# What is expected
Pick every line out of the entries below that has the string "blast", and copy it.

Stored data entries
=== Section Start ===

(* Let $p,q$ be primes and let $G$ be a non-abelian group of order $pq$. Then $G$ is a metacyclic group with trivial centre, and its right and left commutation semigroups $\mathrm{P}(G)$ and $\Lambda(G)$ are complete (with respect to a presentation of $G$ as $G(m,n,k)$).
   Context: For positive integers $m,n,k$ with $(m,k-1)=1$ and $n=\mathrm{ind}_m(k)$ (the least $d\ge1$ with $k^d\equiv1\pmod m$), $G(m,n,k)=\langle a,b;\ a^m=1,\ b^n=1,\ b^{-1}ab=a^k\rangle$; elements are written uniquely as $a^ib^j$, $i\in\mathbb{Z}_m$, $j\in\mathbb{Z}_n$, and $k_t=k^t-1\pmod m$. Commutators are $[x,y]=x^{-1}y^{-1}xy$; $(x)\rho(g)=[x,g]$, $(x)\lambda(g)=[g,x]$; maps are written on the right and composed left to right; $\mathrm{P}(G)$, $\Lambda(G)$ are the semigroups generated by all $\rho(g)$, resp. all $\lambda(g)$. With $R=\{k_j:j\in\mathbb{Z}_n\}$, $L=\{-k_j:j\in\mathbb{Z}_n\}$ one has $\mathrm{P}(G)=\Sigma_G(R)$, $\Lambda(G)=\Sigma_G(L)$, and completeness of $\mathrm{P}(G)$, $\Lambda(G)$ means completeness of $\Sigma_G(R)$, $\Sigma_G(L)$. Here: $(a^ib^j)\mu(x,y)=a^{xik^j-yk_j}$, $C(x,y)=\{\mu(x,yz):z\in\mathbb{Z}_m\}$; $S^*$ is the multiplicative subsemigroup of $\mathbb{Z}_m$ generated by $S$; $\Sigma_G(S)$ is the semigroup generated by $\{\mu(s,z):s\in S,z\in\mathbb{Z}_m\}$; for $x\in S^*$, $Y(x)=\{s^*z: s^*\in S^*, z\in\mathbb{Z}_m, \exists s\in S,\ x\equiv ss^*\}$; the $x$-family $\{C(x,y):y\in Y(x)\}$ is complete if it contains $C(x,1)$; $\Sigma_G(S)$ is complete if all $x$-families ($x\in S^*$) are complete. *)

theory Defs
  imports "HOL-Algebra.Algebra" "HOL-Number_Theory.Number_Theory"
begin

definition centre :: "('a, 'b) monoid_scheme \<Rightarrow> 'a set" where
  "centre G = {z \<in> carrier G. \<forall>g \<in> carrier G. z \<otimes>\<^bsub>G\<^esub> g = g \<otimes>\<^bsub>G\<^esub> z}"

definition metacyclic :: "('a, 'b) monoid_scheme \<Rightarrow> bool" where
  "metacyclic G \<longleftrightarrow> (\<exists>N. N \<lhd> G \<and> cyclic_group (G\<lparr>carrier := N\<rparr>) \<and> cyclic_group (G Mod N))"

text \<open>The element a^i b^j (i in Z_m, j in Z_n) is represented by the pair (i,j) with
  0 <= i < m, 0 <= j < n.  From b^{-1} a b = a^k we get b^j a^s = a^{s k^{n-j}} b^j
  (as k^n = 1 mod m), hence the multiplication below.\<close>
definition Gmnk :: "nat \<Rightarrow> nat \<Rightarrow> nat \<Rightarrow> (int \<times> int) monoid" where
  "Gmnk m n k = \<lparr> carrier = {0..<int m} \<times> {0..<int n},
     monoid.mult = (\<lambda>(i, j) (s, t). ((i + s * int k ^ nat (int n - j)) mod int m, (j + t) mod int n)),
     monoid.one = (0, 0) \<rparr>"

definition Gmnk_params :: "nat \<Rightarrow> nat \<Rightarrow> nat \<Rightarrow> bool" where
  "Gmnk_params m n k \<longleftrightarrow> 0 < m \<and> 0 < n \<and> 0 < k \<and> coprime m (k - 1) \<and> n = ord m k"

definition kk :: "nat \<Rightarrow> nat \<Rightarrow> int \<Rightarrow> int" where
  "kk m k t = (int k ^ nat t - 1) mod int m"

definition mu :: "nat \<Rightarrow> nat \<Rightarrow> nat \<Rightarrow> int \<Rightarrow> int \<Rightarrow> (int \<times> int \<Rightarrow> int \<times> int)" where
  "mu m n k x y = (\<lambda>(i, j) \<in> carrier (Gmnk m n k).
      ((x * i * int k ^ nat j - y * kk m k j) mod int m, 0))"

definition Cfam :: "nat \<Rightarrow> nat \<Rightarrow> nat \<Rightarrow> int \<Rightarrow> int \<Rightarrow> (int \<times> int \<Rightarrow> int \<times> int) set" where
  "Cfam m n k x y = {mu m n k x ((y * z) mod int m) | z. z \<in> {0..<int m}}"

definition starS :: "nat \<Rightarrow> int set \<Rightarrow> int set" where
  "starS m S = {prod_list xs mod int m | xs. xs \<noteq> [] \<and> set xs \<subseteq> S}"

definition Yset :: "nat \<Rightarrow> int set \<Rightarrow> int \<Rightarrow> int set" where
  "Yset m S x = {(s' * z) mod int m | s' z. s' \<in> starS m S \<and> z \<in> {0..<int m} \<and>
                   (\<exists>s \<in> S. [x = s * s'] (mod int m))}"

definition Sigma_complete :: "nat \<Rightarrow> nat \<Rightarrow> nat \<Rightarrow> int set \<Rightarrow> bool" where
  "Sigma_complete m n k S \<longleftrightarrow>
     (\<forall>x \<in> starS m S. \<exists>y \<in> Yset m S x. Cfam m n k x y = Cfam m n k x 1)"

definition Rset :: "nat \<Rightarrow> nat \<Rightarrow> nat \<Rightarrow> int set" where
  "Rset m n k = {kk m k j | j. j \<in> {0..<int n}}"

definition Lset :: "nat \<Rightarrow> nat \<Rightarrow> nat \<Rightarrow> int set" where
  "Lset m n k = {(- kk m k j) mod int m | j. j \<in> {0..<int n}}"

end

theory Submission
  imports Defs
begin

text \<open>
  Groups of order \<open>p\<^sup>2\<close> are abelian, because a \<open>p\<close>-group acting on itself by conjugation
  has as many fixed points (central elements) as elements modulo \<open>p\<close>.  So \<open>p \<noteq> q\<close>, say
  \<open>q < p\<close>.  An element \<open>a\<close> of order \<open>p\<close> generates a normal subgroup \<open>A\<close>: a different
  conjugate of \<open>A\<close> would meet \<open>A\<close> trivially, giving \<open>p\<^sup>2 > pq\<close> products.  Hence
  \<open>A\<close> and the cyclic quotient of order \<open>q\<close> make \<open>G\<close> metacyclic, and for \<open>b\<close> of order \<open>q\<close>
  we get \<open>b\<^sup>-\<^sup>1 a b = a\<^sup>k\<close>, so that \<open>(i, j) \<mapsto> a\<^sup>i b\<^sup>j\<close> is an isomorphism
  \<open>G(p, q, k) \<rightarrow> G\<close>.  Since \<open>a\<close> and \<open>b\<close> do not commute, \<open>k \<noteq> 1\<close> and \<open>k\<close> has order \<open>q\<close>
  modulo \<open>p\<close>.  Commuting elements of orders \<open>p\<close> and \<open>q\<close> would be central and force
  \<open>G\<close> to be abelian; as a non-trivial central element has a power of prime order, the
  centre is trivial.  Completeness is arithmetic modulo the prime \<open>p\<close>: \<open>R\<close> and \<open>L\<close>
  contain \<open>0\<close> and the unit \<open>\<plusminus>(k - 1)\<close>, and by Fermat every \<open>x \<in> S\<^sup>*\<close> is \<open>s s'\<close> with \<open>s \<in> S\<close>
  and \<open>s'\<close> a unit in \<open>S\<^sup>*\<close>, so \<open>C(x, s') = C(x, 1)\<close>.
\<close>

\<comment> \<open>HOL-Algebra's \<open>Divisibility.prime\<close> would otherwise hide the number-theoretic \<open>prime\<close>.\<close>
hide_const (open) Divisibility.prime

section \<open>Completeness modulo a prime\<close>

lemma fermat_theorem_int:
  assumes "prime p" and "coprime c (int p)"
  shows "[c ^ (p - 1) = 1] (mod int p)"
proof -
  have "residues (int p)" using assms(1) prime_gt_1_nat by (simp add: residues_def)
  then show ?thesis using residues.euler_theorem[of "int p" c] assms by (simp add: totient_prime)
qed

lemma starS_unit_factor:
  assumes p: "prime p" and x: "x \<in> starS p S" and x_unit: "coprime x (int p)"
  shows "\<exists>s\<in>S. \<exists>s'\<in>starS p S. [x = s * s'] (mod int p) \<and> coprime s' (int p)"
proof -
  obtain c cs where x_eq: "x = (c * prod_list cs) mod int p" and S: "c \<in> S" "set cs \<subseteq> S"
    using x by (auto simp: starS_def neq_Nil_conv)
  have p_pos: "int p \<noteq> 0" using p by auto
  have c_unit: "coprime c (int p)"
    using x_unit by (simp add: x_eq coprime_mod_left_iff[OF p_pos])
  define s' where "s' = prod_list (cs @ replicate (p - 1) c) mod int p"
  have "cs @ replicate (p - 1) c \<noteq> []" "set (cs @ replicate (p - 1) c) \<subseteq> S"
    using S prime_ge_2_nat[OF p] by auto
  then have "s' \<in> starS p S"
    unfolding starS_def s'_def by blast
  moreover have "[x = c * s'] (mod int p)"
  proof -
    have "[c * s' = (c * prod_list cs) * c ^ (p - 1)] (mod int p)"
      unfolding s'_def cong_def by (simp add: mod_mult_right_eq prod_list_replicate ac_simps)
    also have "[(c * prod_list cs) * c ^ (p - 1) = (c * prod_list cs) * 1] (mod int p)"
      by (intro cong_mult cong_refl fermat_theorem_int p c_unit)
    finally show ?thesis by (simp add: x_eq cong_def)
  qed
  moreover have "coprime s' (int p)"
    using cong_imp_coprime[OF \<open>[x = c * s'] (mod int p)\<close> x_unit] by simp
  ultimately show ?thesis using S by blast
qed

lemma Cfam_eq_if_coprime:
  assumes "coprime y (int m)"
  shows "Cfam m n k x y = Cfam m n k x 1"
proof -
  obtain u where u: "[y * u = 1] (mod int m)"
    using assms cong_solve_coprime_int by blast
  have Cfam_image: "Cfam m n k x y' = mu m n k x ` (\<lambda>z. (y' * z) mod int m) ` {0..<int m}" for y'
    unfolding Cfam_def by blast
  have "(\<lambda>z. (y * z) mod int m) ` {0..<int m} = {0..<int m}"
  proof
    show "(\<lambda>z. (y * z) mod int m) ` {0..<int m} \<subseteq> {0..<int m}" by auto
    show "{0..<int m} \<subseteq> (\<lambda>z. (y * z) mod int m) ` {0..<int m}"
    proof
      fix w assume w: "w \<in> {0..<int m}"
      have "[y * (u * w) = 1 * w] (mod int m)"
        using cong_mult[OF u cong_refl, of w] by (simp add: mult.assoc)
      then have "(y * ((u * w) mod int m)) mod int m = w"
        using w by (simp add: cong_def mod_mult_right_eq)
      moreover have "(u * w) mod int m \<in> {0..<int m}" using w by simp
      ultimately show "w \<in> (\<lambda>z. (y * z) mod int m) ` {0..<int m}" by (metis image_eqI)
    qed
  qed
  moreover have "(\<lambda>z. (1 * z) mod int m) ` {0..<int m} = {0..<int m}" by auto
  ultimately show ?thesis by (simp only: Cfam_image)
qed

lemma Sigma_complete_if_prime:
  assumes p: "prime p" and "0 \<in> S" and b: "b \<in> S" "coprime b (int p)"
  shows "Sigma_complete p n k S"
  unfolding Sigma_complete_def
proof
  fix x assume x: "x \<in> starS p S"
  have p_pos: "int p \<noteq> 0" using p by auto
  obtain s s' where s: "s \<in> S" "s' \<in> starS p S" "[x = s * s'] (mod int p)" "coprime s' (int p)"
  proof (cases "coprime x (int p)")
    case True
    then show ?thesis using starS_unit_factor[OF p x] that by blast
  next
    case False
    then have "int p dvd x"
      using p prime_imp_coprime[of "int p" x] by (auto simp: prime_nat_int_transfer coprime_commute)
    then have "[x = 0 * b] (mod int p)"
      by (simp add: cong_def dvd_eq_mod_eq_0)
    moreover have "b mod int p \<in> starS p S"
      unfolding starS_def using b by (auto intro!: exI[of _ "[b]"])
    ultimately show ?thesis
      using that[of 0 "b mod int p"] \<open>0 \<in> S\<close> b(2)
      by (simp add: cong_def coprime_mod_left_iff[OF p_pos])
  qed
  have "1 < int p" using prime_gt_1_nat[OF p] by simp
  then have "(s' * 1) mod int p \<in> Yset p S x"
    unfolding Yset_def mem_Collect_eq using s(1-3)
    by (rule_tac exI[of _ s'], rule_tac exI[of _ 1]) auto
  moreover have "coprime ((s' * 1) mod int p) (int p)"
    using s(4) by (simp add: coprime_mod_left_iff[OF p_pos])
  ultimately show "\<exists>y\<in>Yset p S x. Cfam p n k x y = Cfam p n k x 1"
    using Cfam_eq_if_coprime by blast
qed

=== Section End ===

# Result
    unfolding starS_def s'_def by blast
  ultimately show ?thesis using S by blast
    using assms cong_solve_coprime_int by blast
    unfolding Cfam_def by blast
    then show ?thesis using starS_unit_factor[OF p x] that by blast
    using Cfam_eq_if_coprime by blast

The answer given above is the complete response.